# [Collected data entries]
____________________

lemma acyclic_path_unique:
  assumes sym: "\<And>x y. ET x y \<Longrightarrow> ET y x" and acyclic: "\<nexists>cs. is_cycle VT ET cs"
  shows "is_path VT ET ps \<Longrightarrow> is_path VT ET qs \<Longrightarrow> hd ps = hd qs \<Longrightarrow> last ps = last qs \<Longrightarrow> ps = qs"
proof (induction ps arbitrary: qs)
  case Nil thus ?case by (simp add: is_path_iff)
next
  case (Cons a A)
  obtain B where qs: "qs = a # B" using Cons.prems by (cases qs) (auto simp: is_path_iff)
  have "A = [] \<longleftrightarrow> B = []"
    using Cons.prems qs by (auto simp: is_path_iff) (metis last_in_set)+
  moreover have "A = B" if "A \<noteq> []" "B \<noteq> []"
  proof -
    have "last A = last B" using Cons.prems qs that by simp
    moreover have "hd A = hd B"
    proof (rule ccontr)
      assume "hd A \<noteq> hd B"
      moreover have "is_path VT ET (a # B)" using Cons.prems(2) qs by simp
      ultimately show False
        using diverging_paths_cycle[OF sym Cons.prems(1)] that acyclic \<open>last A = last B\<close> by blast
    qed
    ultimately show ?thesis
      using Cons.IH is_path_drop[OF Cons.prems(1), of 1] is_path_drop[OF Cons.prems(2), of 1] qs that
      by simp
  qed
  ultimately show ?case using qs by blast
qed

lemma tree_sym: "is_tree VT ET \<Longrightarrow> ET x y \<Longrightarrow> ET y x"
  by (simp add: is_tree_def fin_conn_graph_def simple_graph_def)

(* In a tree, connectivity gives a path between any two vertices and acyclicity
   makes it unique; \<open>tree_path VT ET a b\<close> denotes this path. *)
definition tree_path :: "'b set \<Rightarrow> ('b \<Rightarrow> 'b \<Rightarrow> bool) \<Rightarrow> 'b \<Rightarrow> 'b \<Rightarrow> 'b list" where
  "tree_path VT ET a b = (THE ps. is_path VT ET ps \<and> hd ps = a \<and> last ps = b)"

lemma tree_path_eq:
  assumes T: "is_tree VT ET" and ps: "is_path VT ET ps" "hd ps = a" "last ps = b"
  shows "tree_path VT ET a b = ps"
  unfolding tree_path_def
proof (rule the_equality)
  fix qs assume "is_path VT ET qs \<and> hd qs = a \<and> last qs = b"
  thus "qs = ps"
    using acyclic_path_unique[of ET VT qs ps] tree_sym[OF T] T ps by (auto simp: is_tree_def)
qed (use ps in simp)
text \<open>
  The \<open>2 \<times> 2\<close> minor of the real Jacobian of \<open>P\<close> in the \<open>u\<close>-columns is
  \<open>|\<mu>|\<^sup>2 (|p u\<^sup>p\<^sup>-\<^sup>1|\<^sup>2 - 1)\<close>, and similarly for \<open>v\<close>, so a singular point has
  \<open>p |u\<^sub>0|\<^sup>p\<^sup>-\<^sup>1 = 1 = q |v\<^sub>0|\<^sup>q\<^sup>-\<^sup>1\<close>. With the phase relation defining \<open>\<kappa>\<close>, this makes
  every first order polar derivative of \<open>P\<close> at \<open>z\<^sub>0\<close> a real multiple of \<open>e\<^sup>i\<^sup>\<Theta>\<^sup>2\<close>.
  Hence \<open>k\<close> is \<open>cos \<Theta>\<^sub>2\<close> times a real vector, \<open>s = tan \<Theta>\<^sub>2\<close>, and
  \<open>R\<^sup>^ = Im (e\<^sup>-\<^sup>i\<^sup>\<Theta>\<^sup>2 P) / cos \<Theta>\<^sub>2\<close>. Its Hessian in the new coordinates is thus the
  pull-back, under the linear change of coordinates, of a block diagonal form made of the second
  polar derivatives of \<open>P\<close>, and the \<open>3 \<times> 3\<close> determinant is then a direct computation.
\<close>

lemma vector_4 [simp]:
  "(vector [a,b,c,d] :: ('a::zero)^4)$1 = a"
  "(vector [a,b,c,d] :: ('a::zero)^4)$2 = b"
  "(vector [a,b,c,d] :: ('a::zero)^4)$3 = c"
  "(vector [a,b,c,d] :: ('a::zero)^4)$4 = d"
  unfolding vector_def by simp_all
theorem mainTheorem4:
  shows "(\<forall>n::nat. n \<ge> 1 \<longrightarrow>
            covariance (unif_perm n) (\<lambda>p. real (inv_stat n p)) (\<lambda>p. real (maj_stat n p))
              = real n * (real n - 1) / 8)
       \<and> (\<forall>n::nat. n \<ge> 2 \<longrightarrow>
            correlation (unif_perm n) (\<lambda>p. real (inv_stat n p)) (\<lambda>p. real (maj_stat n p))
              = 9 * (real n - 1) / (2 * real n ^ 2 + 3 * real n - 5)
          \<and> correlation (unif_perm n) (\<lambda>p. real (inv_stat n p)) (\<lambda>p. real (maj_stat n p))
              = 9 / (2 * real n + 5))
       \<and> (\<lambda>n. correlation (unif_perm n) (\<lambda>p. real (inv_stat n p)) (\<lambda>p. real (maj_stat n p)))
            \<longlonglongrightarrow> 0"
proof (intro conjI allI impI)
  fix n :: nat
  show "covariance (unif_perm n) (inv_real n) (maj_real n) = real n * (real n - 1) / 8"
    by (rule covariance_inv_maj)
next
  fix n :: nat assume n: "n \<ge> 2"
  show "correlation (unif_perm n) (inv_real n) (maj_real n) = 9 / (2 * real n + 5)"
    by (rule correlation_inv_maj[OF n])
  have "2 * real n ^ 2 + 3 * real n - 5 = (real n - 1) * (2 * real n + 5)"
    by (simp add: algebra_simps power2_eq_square)
  moreover have "real n - 1 \<noteq> 0" using n by simp
  ultimately have "9 * (real n - 1) / (2 * real n ^ 2 + 3 * real n - 5) = 9 / (2 * real n + 5)"
    by (metis mult.commute nonzero_mult_divide_mult_cancel_left)
  then show "correlation (unif_perm n) (inv_real n) (maj_real n)
      = 9 * (real n - 1) / (2 * real n ^ 2 + 3 * real n - 5)"
    using correlation_inv_maj[OF n] by simp
qed (rule correlation_inv_maj_tendsto_0)

end
(* Let $X$ be a topologically complete space and $\mathcal A$ a family of closed, locally finite, normal covers of $X$ satisfying conditions (I) and (II), with $\Lambda$, $N_\lambda$, $N_\infty$, $N^{(0)}_\infty$, $\mathrm{cov}_\lambda$, $\sigma_\lambda$, $\wedge$ and $\pi:N_\infty\to X$ as in the context. Then: (1) the map $\pi$ is continuous; (2) for $z,z'\in N^{(0)}_\infty$, $\pi(z')=\pi(z)$ if and only if $\wedge z'(\lambda)\in\mathrm{star}_{\mathrm{cov}_\lambda}(\wedge z(\lambda))$ (i.e. $\wedge z'(\lambda)\cap\wedge z(\lambda)\neq\emptyset$) for each $\lambda\in\Lambda$; (3) if $z\in N_\infty$ and $z_0\in N^{(0)}_\infty$ satisfy that $z_0(\lambda)$ is a vertex of $\sigma_\lambda(z(\lambda))$ for each $\lambda\in\Lambda$, then $\pi(z)=\pi(z_0)$.
   Context: A topologically complete space is a Tychonoff space complete with respect to its finest uniformity. A closed, locally finite, normal cover $\alpha$ of $X$ is a locally finite cover by closed sets admitting a partition of unity $\{\phi_{\alpha,V}:V\in\alpha\}$ with $\mathrm{cl}(\phi_{\alpha,V}^{-1}((0,1]))\subset\mathrm{int}(V)$, $\sum_V\phi_{\alpha,V}=1$. For a cover $\alpha$ and a set $S$, $\mathrm{star}_\alpha(S)=\{V\in\alpha:V\cap S\neq\emptyset\}$; $\mathrm{star}_\alpha(x)=\mathrm{star}_\alpha(\{x\})$. Conditions: (I) for each open $U\subset X$ and $x\in U$ there is $\alpha\in\mathcal A$ with $\bigcup\mathrm{star}_\alpha(x)\subset U$; (II) if $f(\alpha)\in\alpha$ is chosen for each $\alpha\in\mathcal A$ and $\{f(\alpha)\}$ has the finite intersection property, then $\bigcap_\alpha f(\alpha)\neq\emptyset$. Construction: $\Lambda$ is the set of finite subsets of $\mathcal A$ directed by inclusion. For $\lambda\in\Lambda$, $N^{(0)}_\lambda$ is the set of functions $v$ on $\lambda$ with $v(\alpha)\in\alpha$ for all $\alpha\in\lambda$ and $\wedge v:=\bigcap_{\alpha\in\lambda}v(\alpha)\neq\emptyset$ (empty intersection meaning $X$); $\mathrm{cov}_\lambda=\{\wedge v:v\in N^{(0)}_\lambda\}$. $F_\lambda$ is the simplicial complex (weak topology) with vertex set $N^{(0)}_\lambda$ in which $\{v_1,\dots,v_k\}$ spans a simplex iff $\wedge v_i\cap\wedge v_j\neq\emptyset$ for all $i,j$; $N_\lambda$ is its subcomplex with the same vertices in which $\{v_1,\dots,v_k\}$ spans a simplex iff $\bigcap_i\wedge v_i\neq\emptyset$. For $\lambda\subset\mu$, $\pi^\mu_\lambda$ is the simplicial map sending a vertex $v$ to $v|_\lambda$. $N_\infty=\varprojlim(N_\lambda,\pi^\mu_\lambda;\Lambda)$ with projections $\pi_\lambda$, $z(\lambda)=\pi_\lambda(z)$, and $N^{(0)}_\infty=\varprojlim(N^{(0)}_\lambda,\pi^\mu_\lambda|;\Lambda)\subset N_\infty$. For $a\in N_\lambda$, $\sigma_\lambda(a)$ is the unique simplex containing $a$ in its interior, and $\wedge a=\bigcap\{\wedge v: v\text{ a vertex of }\sigma_\lambda(a)\}$. For each $z\in N_\infty$ the set $\bigcap_{\lambda\in\Lambda}\wedge z(\lambda)$ consists of exactly one point, and $\pi:N_\infty\to X$ is defined by $\{\pi(z)\}=\bigcap_{\lambda}\wedge z(\lambda)$. *)

theory Defs
  imports "HOL-Analysis.Analysis"
begin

____________________

# [Task brief]
In the records above, count the lines holding the word "proof"; give only that number.

# [Expected answer]
5